Is It Fraud?
I have worked in the human resources field for many years and learned the labor laws for the states of New Mexico, Nevada, Oregon, Washington State, California, Pennsylvania, and even Florida. Before you learn if you can indeed report unemployment fraud, check to see if the state where you do business considers over-abusing the unemployment insurance system fraudulent?
Some states are pro employer and some are pro employee. For example, in Pennsylvania and many states in the Eastern part of the US, workers are only eligible to receive unemployment insurance if they lost their job through no fault of their own. This means if an employee was laid off or the business closed, they are usually eligible for unemployment insurance.
In other states, such as New Mexico and Nevada, which are more pro employee states, a person who has been terminated, even for misconduct, may still be eligible for unemployment benefits.

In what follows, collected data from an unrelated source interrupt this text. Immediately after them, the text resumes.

lemma best_response_iff:
  fixes \<beta> :: "'a::real_inner" and \<alpha> \<gamma> s c q :: real
  assumes alpha_pos: "\<alpha> > 0" and gamma_pos: "\<gamma> > 0" and beta_unit: "norm \<beta> = 1"
    and s_sign: "s \<in> {-1, 1}"
  shows "(q \<ge> 0 \<and> (\<forall>a x. norm a = 1 \<longrightarrow> x \<ge> 0 \<longrightarrow>
            \<alpha> * x * ((a \<bullet> \<beta>) * c) - (1 + \<alpha>) * x\<^sup>2 + \<gamma> * x
              \<le> \<alpha> * q * (s * c) - (1 + \<alpha>) * q\<^sup>2 + \<gamma> * q))
         \<longleftrightarrow> (s * c \<ge> 0 \<and> q = (\<alpha> * (s * c) + \<gamma>) / (2 * (1 + \<alpha>)))"
proof -
  define K where "K = \<alpha> * \<bar>c\<bar> + \<gamma>"
  define M where "M = K\<^sup>2 / (4 * (1 + \<alpha>))"
  define x0 where "x0 = K / (2 * (1 + \<alpha>))"
  have K_pos: "K > 0"
    unfolding K_def using alpha_pos gamma_pos by (simp add: add_nonneg_pos)
  have x0_pos: "x0 > 0"
    unfolding x0_def using K_pos alpha_pos by simp
  have vertex: "x * K - (1 + \<alpha>) * x\<^sup>2 = M - (2 * (1 + \<alpha>) * x - K)\<^sup>2 / (4 * (1 + \<alpha>))" for x
    unfolding M_def using alpha_pos by (simp add: quadratic_vertex_form)
  have sc_le: "s * c \<le> \<bar>c\<bar>" and sc_nonneg_iff: "s * c \<ge> 0 \<longleftrightarrow> s * c = \<bar>c\<bar>"
    using s_sign by (elim insertE; auto)+
  define a0 where "a0 = (if c \<ge> 0 then \<beta> else - \<beta>)"
  have a0_unit: "norm a0 = 1" and a0_inner: "(a0 \<bullet> \<beta>) * c = \<bar>c\<bar>"
    unfolding a0_def using beta_unit by (auto simp: dot_square_norm)
  have "2 * (1 + \<alpha>) * x0 = K"
    unfolding x0_def using alpha_pos by simp
  then have attained: "\<alpha> * x0 * ((a0 \<bullet> \<beta>) * c) - (1 + \<alpha>) * x0\<^sup>2 + \<gamma> * x0 = M"
    using vertex[of x0] unfolding a0_inner K_def by (simp add: algebra_simps)
  \<comment> \<open>the own payoff falls short of the maximal payoff M by two nonnegative terms\<close>
  have own: "\<alpha> * q * (s * c) - (1 + \<alpha>) * q\<^sup>2 + \<gamma> * q
      = M - (2 * (1 + \<alpha>) * q - K)\<^sup>2 / (4 * (1 + \<alpha>)) - \<alpha> * q * (\<bar>c\<bar> - s * c)"
    using vertex[of q] unfolding K_def by (simp add: algebra_simps)
  show ?thesis
  proof
    assume best: "q \<ge> 0 \<and> (\<forall>a x. norm a = 1 \<longrightarrow> x \<ge> 0 \<longrightarrow>
            \<alpha> * x * ((a \<bullet> \<beta>) * c) - (1 + \<alpha>) * x\<^sup>2 + \<gamma> * x
              \<le> \<alpha> * q * (s * c) - (1 + \<alpha>) * q\<^sup>2 + \<gamma> * q)"
    then have "M \<le> \<alpha> * q * (s * c) - (1 + \<alpha>) * q\<^sup>2 + \<gamma> * q"
      using attained a0_unit x0_pos by (metis less_le)
    moreover have "0 \<le> (2 * (1 + \<alpha>) * q - K)\<^sup>2 / (4 * (1 + \<alpha>))" "0 \<le> \<alpha> * q * (\<bar>c\<bar> - s * c)"
      using alpha_pos best sc_le by simp_all
    ultimately have "(2 * (1 + \<alpha>) * q - K)\<^sup>2 / (4 * (1 + \<alpha>)) = 0" "\<alpha> * q * (\<bar>c\<bar> - s * c) = 0"
      unfolding own by linarith+
    then have "q = x0" "q * (\<bar>c\<bar> - s * c) = 0"
      using alpha_pos unfolding x0_def by (auto simp: field_simps)
    then have "s * c = \<bar>c\<bar>"
      using x0_pos by simp
    then show "s * c \<ge> 0 \<and> q = (\<alpha> * (s * c) + \<gamma>) / (2 * (1 + \<alpha>))"
      using \<open>q = x0\<close> unfolding x0_def K_def by simp
  next
    assume "s * c \<ge> 0 \<and> q = (\<alpha> * (s * c) + \<gamma>) / (2 * (1 + \<alpha>))"
    then have "s * c = \<bar>c\<bar>" "q = x0"
      using sc_nonneg_iff unfolding x0_def K_def by auto
    then have "\<alpha> * q * (s * c) - (1 + \<alpha>) * q\<^sup>2 + \<gamma> * q = M"
      using own alpha_pos unfolding x0_def by (simp add: field_simps)
    then show "q \<ge> 0 \<and> (\<forall>a x. norm a = 1 \<longrightarrow> x \<ge> 0 \<longrightarrow>
            \<alpha> * x * ((a \<bullet> \<beta>) * c) - (1 + \<alpha>) * x\<^sup>2 + \<gamma> * x
              \<le> \<alpha> * q * (s * c) - (1 + \<alpha>) * q\<^sup>2 + \<gamma> * q)"
      using deviation_payoff_le[OF alpha_pos _ beta_unit] \<open>q = x0\<close> x0_pos
      unfolding M_def K_def by simp
  qed
qed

While the US Department of Labor (DOL) requires that every state have and make rules for their own unemployment insurance benefit program, the DOL does not require state policies to be equal across the board.
Before you consider how to report unemployment fraud, if you suspect it, call your state’s Department of Labor and ask about the rules on unemployment benefits and who is eligible to receive it. You should also inquire for how many weeks someone may receive unemployment insurance and what steps the DOL takes to ensure they are actively seeking another job.